▶ **Exercise description**
Give back the entire listing verbatim.

▶ **Given information**
lemma has_order_pd: "has_order n N f \<Longrightarrow> has_order n N (pd c f)"
  unfolding has_order_def by (rule depends_on_pd)
lemma has_order_const: "has_order n N (\<lambda>p. a)" unfolding has_order_def by (rule depends_on_const)
lemma has_order_add: "has_order n N f \<Longrightarrow> has_order n N g \<Longrightarrow> has_order n N (\<lambda>p. f p + g p)"
  unfolding has_order_def by (rule depends_on_add)
lemma has_order_mult: "has_order n N f \<Longrightarrow> has_order n N g \<Longrightarrow> has_order n N (\<lambda>p. f p * g p)"
  unfolding has_order_def by (rule depends_on_mult)
lemma has_order_sum: "(\<And>a. a \<in> A \<Longrightarrow> has_order n N (f a)) \<Longrightarrow> has_order n N (\<lambda>p. \<Sum>a\<in>A. f a p)"
  unfolding has_order_def by (rule depends_on_sum)
lemma has_order_coordU: "J \<in> multi_indices n N \<Longrightarrow> has_order n N (\<lambda>p. p (Uc J))"
  unfolding has_order_def jet_coords_def by (rule depends_on_coord) auto
lemma pd_Uc_beyond_order: "has_order n N f \<Longrightarrow> J \<notin> multi_indices n N \<Longrightarrow> pd (Uc J) f = (\<lambda>p. 0)"
  unfolding has_order_def jet_coords_def by (rule pd_independent_fun) auto

lemma difffun_iff: "difffun n f \<longleftrightarrow> smooth f \<and> (\<exists>N. has_order n N f)"
proof
  assume d: "difffun n f"
  then obtain S where S: "finite S" "\<forall>c\<in>S. valid_coord n c" "depends_on S f"
    unfolding difffun_def depends_on_def by blast
  define N where "N = Max (insert 0 ((\<lambda>c. case c of Uc J \<Rightarrow> size J | Xc _ \<Rightarrow> 0) ` S))"
  have "S \<subseteq> jet_coords n N"
  proof
    fix c assume c: "c \<in> S"
    show "c \<in> jet_coords n N"
    proof (cases c)
      case (Xc i) then show ?thesis using S(2) c by (auto simp: jet_coords_def valid_coord_def)
    next
      case (Uc J)
      have "size J \<le> N" unfolding N_def using c Uc S(1)
        by (intro Max_ge) (auto intro!: image_eqI[of _ _ c])
      moreover have "valid_mi n J" using S(2) c Uc by (force simp: valid_coord_def)
      ultimately show ?thesis using Uc by (auto simp: jet_coords_def valid_mi_def multi_indices_def)
    qed
  qed
  then have "has_order n N f" unfolding has_order_def using S(3) depends_on_mono by blast
  moreover have "smooth f" using d unfolding difffun_def smooth_def pd_differentiable_def by simp
  ultimately show "smooth f \<and> (\<exists>N. has_order n N f)" by blast
next
  assume "smooth f \<and> (\<exists>N. has_order n N f)"
  then obtain N where "smooth f" "has_order n N f" by blast
  moreover have "\<forall>c\<in>jet_coords n N. valid_coord n c"
    by (auto simp: jet_coords_def valid_coord_def valid_mi_def multi_indices_def)
  ultimately show "difffun n f"
    unfolding difffun_def has_order_def depends_on_def smooth_def pd_differentiable_def
    apply (intro conjI)
      apply (rule exI[of _ "jet_coords n N"])
    using finite_jet_coords by auto
qed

▶ **Answer to the exercise**
lemma has_order_pd: "has_order n N f \<Longrightarrow> has_order n N (pd c f)"
  unfolding has_order_def by (rule depends_on_pd)
lemma has_order_const: "has_order n N (\<lambda>p. a)" unfolding has_order_def by (rule depends_on_const)
lemma has_order_add: "has_order n N f \<Longrightarrow> has_order n N g \<Longrightarrow> has_order n N (\<lambda>p. f p + g p)"
  unfolding has_order_def by (rule depends_on_add)
lemma has_order_mult: "has_order n N f \<Longrightarrow> has_order n N g \<Longrightarrow> has_order n N (\<lambda>p. f p * g p)"
  unfolding has_order_def by (rule depends_on_mult)
lemma has_order_sum: "(\<And>a. a \<in> A \<Longrightarrow> has_order n N (f a)) \<Longrightarrow> has_order n N (\<lambda>p. \<Sum>a\<in>A. f a p)"
  unfolding has_order_def by (rule depends_on_sum)
lemma has_order_coordU: "J \<in> multi_indices n N \<Longrightarrow> has_order n N (\<lambda>p. p (Uc J))"
  unfolding has_order_def jet_coords_def by (rule depends_on_coord) auto
lemma pd_Uc_beyond_order: "has_order n N f \<Longrightarrow> J \<notin> multi_indices n N \<Longrightarrow> pd (Uc J) f = (\<lambda>p. 0)"
  unfolding has_order_def jet_coords_def by (rule pd_independent_fun) auto

lemma difffun_iff: "difffun n f \<longleftrightarrow> smooth f \<and> (\<exists>N. has_order n N f)"
proof
  assume d: "difffun n f"
  then obtain S where S: "finite S" "\<forall>c\<in>S. valid_coord n c" "depends_on S f"
    unfolding difffun_def depends_on_def by blast
  define N where "N = Max (insert 0 ((\<lambda>c. case c of Uc J \<Rightarrow> size J | Xc _ \<Rightarrow> 0) ` S))"
  have "S \<subseteq> jet_coords n N"
  proof
    fix c assume c: "c \<in> S"
    show "c \<in> jet_coords n N"
    proof (cases c)
      case (Xc i) then show ?thesis using S(2) c by (auto simp: jet_coords_def valid_coord_def)
    next
      case (Uc J)
      have "size J \<le> N" unfolding N_def using c Uc S(1)
        by (intro Max_ge) (auto intro!: image_eqI[of _ _ c])
      moreover have "valid_mi n J" using S(2) c Uc by (force simp: valid_coord_def)
      ultimately show ?thesis using Uc by (auto simp: jet_coords_def valid_mi_def multi_indices_def)
    qed
  qed
  then have "has_order n N f" unfolding has_order_def using S(3) depends_on_mono by blast
  moreover have "smooth f" using d unfolding difffun_def smooth_def pd_differentiable_def by simp
  ultimately show "smooth f \<and> (\<exists>N. has_order n N f)" by blast
next
  assume "smooth f \<and> (\<exists>N. has_order n N f)"
  then obtain N where "smooth f" "has_order n N f" by blast
  moreover have "\<forall>c\<in>jet_coords n N. valid_coord n c"
    by (auto simp: jet_coords_def valid_coord_def valid_mi_def multi_indices_def)
  ultimately show "difffun n f"
    unfolding difffun_def has_order_def depends_on_def smooth_def pd_differentiable_def
    apply (intro conjI)
      apply (rule exI[of _ "jet_coords n N"])
    using finite_jet_coords by auto
qed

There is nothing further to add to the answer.